**AIM OF THE EXERCISE**
Top to bottom, every record is to be copied word for word.

(Collected data)
• • • •
(* Let $d,\mathfrak d,M\in\mathbb N$, $R,L,\mathcal R,\varepsilon\in(0,\infty)$, let $D\subseteq\mathbb R^d$ be compact, let $(\Omega,\mathcal F,\mathbb P)$ be a probability space, let $X_m\colon\Omega\to D$ and $Y_m\colon\Omega\to\mathbb R$, $m\in\{1,\dots,M\}$, be functions such that $(X_m,Y_m)$, $m\in\{1,\dots,M\}$, are i.i.d. random variables, let $H=(H_\theta)_{\theta\in[-R,R]^{\mathfrak d}}\colon[-R,R]^{\mathfrak d}\to C(D,\mathbb R)$ satisfy $|H_\theta(x)-H_\vartheta(x)|\le L\|\theta-\vartheta\|_\infty$ for all $\theta,\vartheta\in[-R,R]^{\mathfrak d}$, $x\in D$, assume $|H_\theta(X_m)-Y_m|\le\mathcal R$ for all $\theta\in[-R,R]^{\mathfrak d}$, $m\in\{1,\dots,M\}$ and $\mathbb E[|Y_1|^2]<\infty$, let $\mathcal E(f)=\mathbb E[|f(X_1)-Y_1|^2]$ for $f\in C(D,\mathbb R)$, and let $\mathfrak E(\theta,\omega)=\frac1M\sum_{m=1}^M|H_\theta(X_m(\omega))-Y_m(\omega)|^2$ for $\theta\in[-R,R]^{\mathfrak d}$, $\omega\in\Omega$. Then $\Omega\ni\omega\mapsto\sup_{\theta\in[-R,R]^{\mathfrak d}}|\mathfrak E(\theta,\omega)-\mathcal E(H_\theta)|\in[0,\infty]$ is $\mathcal F/\mathcal B([0,\infty])$-measurable and $$\mathbb P\bigl(\sup_{\theta\in[-R,R]^{\mathfrak d}}|\mathfrak E(\theta)-\mathcal E(H_\theta)|\ge\varepsilon\bigr)\le 2\max\Bigl\{1,\Bigl[\frac{32LR\mathcal R}{\varepsilon}\Bigr]^{\mathfrak d}\Bigr\}\exp\Bigl(\frac{-\varepsilon^2M}{2\mathcal R^4}\Bigr).$$
   Context: $\|\cdot\|_\infty$ is the maximum norm on $\mathbb R^{\mathfrak d}$. *)

theory Defs
  imports "HOL-Probability.Probability"
begin

definition param_cube :: "nat \<Rightarrow> real \<Rightarrow> (nat \<Rightarrow> real) set" where
  "param_cube dd R = PiE {..<dd} (\<lambda>_. {-R..R})"

definition maxnorm_dist :: "nat \<Rightarrow> (nat \<Rightarrow> real) \<Rightarrow> (nat \<Rightarrow> real) \<Rightarrow> real" where
  "maxnorm_dist dd \<theta> \<phi> = Max (insert 0 ((\<lambda>i. \<bar>\<theta> i - \<phi> i\<bar>) ` {..<dd}))"

definition emp_risk :: "nat \<Rightarrow> ((nat \<Rightarrow> real) \<Rightarrow> 'a \<Rightarrow> real) \<Rightarrow> (nat \<Rightarrow> 'w \<Rightarrow> 'a)
    \<Rightarrow> (nat \<Rightarrow> 'w \<Rightarrow> real) \<Rightarrow> (nat \<Rightarrow> real) \<Rightarrow> 'w \<Rightarrow> real" where
  "emp_risk M H X Y \<theta> \<omega> = (1 / real M) * (\<Sum>m=1..M. \<bar>H \<theta> (X m \<omega>) - Y m \<omega>\<bar>^2)"

definition risk :: "'w measure \<Rightarrow> (nat \<Rightarrow> 'w \<Rightarrow> 'a) \<Rightarrow> (nat \<Rightarrow> 'w \<Rightarrow> real) \<Rightarrow> ('a \<Rightarrow> real) \<Rightarrow> real" where
  "risk P X Y f = (\<integral>\<omega>. \<bar>f (X 1 \<omega>) - Y 1 \<omega>\<bar>^2 \<partial>P)"

end

theory Submission
  imports Defs
begin

text \<open>For a fixed parameter the empirical risk is the mean of M i.i.d. random variables with
values in [0, RR^2], so by Hoeffding's inequality it deviates from the risk by at least \<epsilon>/2 with
probability at most 2 exp(-\<epsilon>^2 M / (2 RR^4)).  Both risks are 2 L RR-Lipschitz in the parameter
with respect to the maximum norm, hence their difference is 4 L RR-Lipschitz.  Consequently, if the
supremum of the deviation over the cube reaches \<epsilon>, the deviation is at least \<epsilon>/2 at some point
of a grid that is \<epsilon>/(16 L RR)-dense in the cube and has at most max 1 ((32 L R RR/\<epsilon>)^dd)
points, and a union bound over the grid gives the estimate.  The same Lipschitz property
identifies the supremum over the cube with a supremum over countably many grid points, which
makes it measurable.\<close>

text \<open>Midpoint of the k-th of n equal subintervals of [-R,R].\<close>
definition grid_point :: "real \<Rightarrow> nat \<Rightarrow> nat \<Rightarrow> real" where
  "grid_point R n k = - R + (2 * real k + 1) * R / real n"

definition cube_grid :: "nat \<Rightarrow> real \<Rightarrow> nat \<Rightarrow> (nat \<Rightarrow> real) set" where
  "cube_grid dd R n = PiE {..<dd} (\<lambda>_. grid_point R n ` {..<n})"

lemma finite_cube_grid: "finite (cube_grid dd R n)"
  unfolding cube_grid_def by (intro finite_PiE) auto

lemma card_cube_grid_le: "card (cube_grid dd R n) \<le> n ^ dd"
proof -
  have "card (cube_grid dd R n) = (\<Prod>i\<in>{..<dd}. card (grid_point R n ` {..<n}))"
    unfolding cube_grid_def by (rule card_PiE) simp
  also have "\<dots> \<le> (\<Prod>i\<in>{..<dd}. n)"
    by (intro prod_mono) (auto intro: card_image_le[THEN order_trans])
  finally show ?thesis by simp
qed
• • • •
**OUTPUT OF THE TASK**
(* Let $d,\mathfrak d,M\in\mathbb N$, $R,L,\mathcal R,\varepsilon\in(0,\infty)$, let $D\subseteq\mathbb R^d$ be compact, let $(\Omega,\mathcal F,\mathbb P)$ be a probability space, let $X_m\colon\Omega\to D$ and $Y_m\colon\Omega\to\mathbb R$, $m\in\{1,\dots,M\}$, be functions such that $(X_m,Y_m)$, $m\in\{1,\dots,M\}$, are i.i.d. random variables, let $H=(H_\theta)_{\theta\in[-R,R]^{\mathfrak d}}\colon[-R,R]^{\mathfrak d}\to C(D,\mathbb R)$ satisfy $|H_\theta(x)-H_\vartheta(x)|\le L\|\theta-\vartheta\|_\infty$ for all $\theta,\vartheta\in[-R,R]^{\mathfrak d}$, $x\in D$, assume $|H_\theta(X_m)-Y_m|\le\mathcal R$ for all $\theta\in[-R,R]^{\mathfrak d}$, $m\in\{1,\dots,M\}$ and $\mathbb E[|Y_1|^2]<\infty$, let $\mathcal E(f)=\mathbb E[|f(X_1)-Y_1|^2]$ for $f\in C(D,\mathbb R)$, and let $\mathfrak E(\theta,\omega)=\frac1M\sum_{m=1}^M|H_\theta(X_m(\omega))-Y_m(\omega)|^2$ for $\theta\in[-R,R]^{\mathfrak d}$, $\omega\in\Omega$. Then $\Omega\ni\omega\mapsto\sup_{\theta\in[-R,R]^{\mathfrak d}}|\mathfrak E(\theta,\omega)-\mathcal E(H_\theta)|\in[0,\infty]$ is $\mathcal F/\mathcal B([0,\infty])$-measurable and $$\mathbb P\bigl(\sup_{\theta\in[-R,R]^{\mathfrak d}}|\mathfrak E(\theta)-\mathcal E(H_\theta)|\ge\varepsilon\bigr)\le 2\max\Bigl\{1,\Bigl[\frac{32LR\mathcal R}{\varepsilon}\Bigr]^{\mathfrak d}\Bigr\}\exp\Bigl(\frac{-\varepsilon^2M}{2\mathcal R^4}\Bigr).$$
   Context: $\|\cdot\|_\infty$ is the maximum norm on $\mathbb R^{\mathfrak d}$. *)

theory Defs
  imports "HOL-Probability.Probability"
begin

definition param_cube :: "nat \<Rightarrow> real \<Rightarrow> (nat \<Rightarrow> real) set" where
  "param_cube dd R = PiE {..<dd} (\<lambda>_. {-R..R})"

definition maxnorm_dist :: "nat \<Rightarrow> (nat \<Rightarrow> real) \<Rightarrow> (nat \<Rightarrow> real) \<Rightarrow> real" where
  "maxnorm_dist dd \<theta> \<phi> = Max (insert 0 ((\<lambda>i. \<bar>\<theta> i - \<phi> i\<bar>) ` {..<dd}))"

definition emp_risk :: "nat \<Rightarrow> ((nat \<Rightarrow> real) \<Rightarrow> 'a \<Rightarrow> real) \<Rightarrow> (nat \<Rightarrow> 'w \<Rightarrow> 'a)
    \<Rightarrow> (nat \<Rightarrow> 'w \<Rightarrow> real) \<Rightarrow> (nat \<Rightarrow> real) \<Rightarrow> 'w \<Rightarrow> real" where
  "emp_risk M H X Y \<theta> \<omega> = (1 / real M) * (\<Sum>m=1..M. \<bar>H \<theta> (X m \<omega>) - Y m \<omega>\<bar>^2)"

definition risk :: "'w measure \<Rightarrow> (nat \<Rightarrow> 'w \<Rightarrow> 'a) \<Rightarrow> (nat \<Rightarrow> 'w \<Rightarrow> real) \<Rightarrow> ('a \<Rightarrow> real) \<Rightarrow> real" where
  "risk P X Y f = (\<integral>\<omega>. \<bar>f (X 1 \<omega>) - Y 1 \<omega>\<bar>^2 \<partial>P)"

end

theory Submission
  imports Defs
begin

text \<open>For a fixed parameter the empirical risk is the mean of M i.i.d. random variables with
values in [0, RR^2], so by Hoeffding's inequality it deviates from the risk by at least \<epsilon>/2 with
probability at most 2 exp(-\<epsilon>^2 M / (2 RR^4)).  Both risks are 2 L RR-Lipschitz in the parameter
with respect to the maximum norm, hence their difference is 4 L RR-Lipschitz.  Consequently, if the
supremum of the deviation over the cube reaches \<epsilon>, the deviation is at least \<epsilon>/2 at some point
of a grid that is \<epsilon>/(16 L RR)-dense in the cube and has at most max 1 ((32 L R RR/\<epsilon>)^dd)
points, and a union bound over the grid gives the estimate.  The same Lipschitz property
identifies the supremum over the cube with a supremum over countably many grid points, which
makes it measurable.\<close>

text \<open>Midpoint of the k-th of n equal subintervals of [-R,R].\<close>
definition grid_point :: "real \<Rightarrow> nat \<Rightarrow> nat \<Rightarrow> real" where
  "grid_point R n k = - R + (2 * real k + 1) * R / real n"

definition cube_grid :: "nat \<Rightarrow> real \<Rightarrow> nat \<Rightarrow> (nat \<Rightarrow> real) set" where
  "cube_grid dd R n = PiE {..<dd} (\<lambda>_. grid_point R n ` {..<n})"

lemma finite_cube_grid: "finite (cube_grid dd R n)"
  unfolding cube_grid_def by (intro finite_PiE) auto

lemma card_cube_grid_le: "card (cube_grid dd R n) \<le> n ^ dd"
proof -
  have "card (cube_grid dd R n) = (\<Prod>i\<in>{..<dd}. card (grid_point R n ` {..<n}))"
    unfolding cube_grid_def by (rule card_PiE) simp
  also have "\<dots> \<le> (\<Prod>i\<in>{..<dd}. n)"
    by (intro prod_mono) (auto intro: card_image_le[THEN order_trans])
  finally show ?thesis by simp
qed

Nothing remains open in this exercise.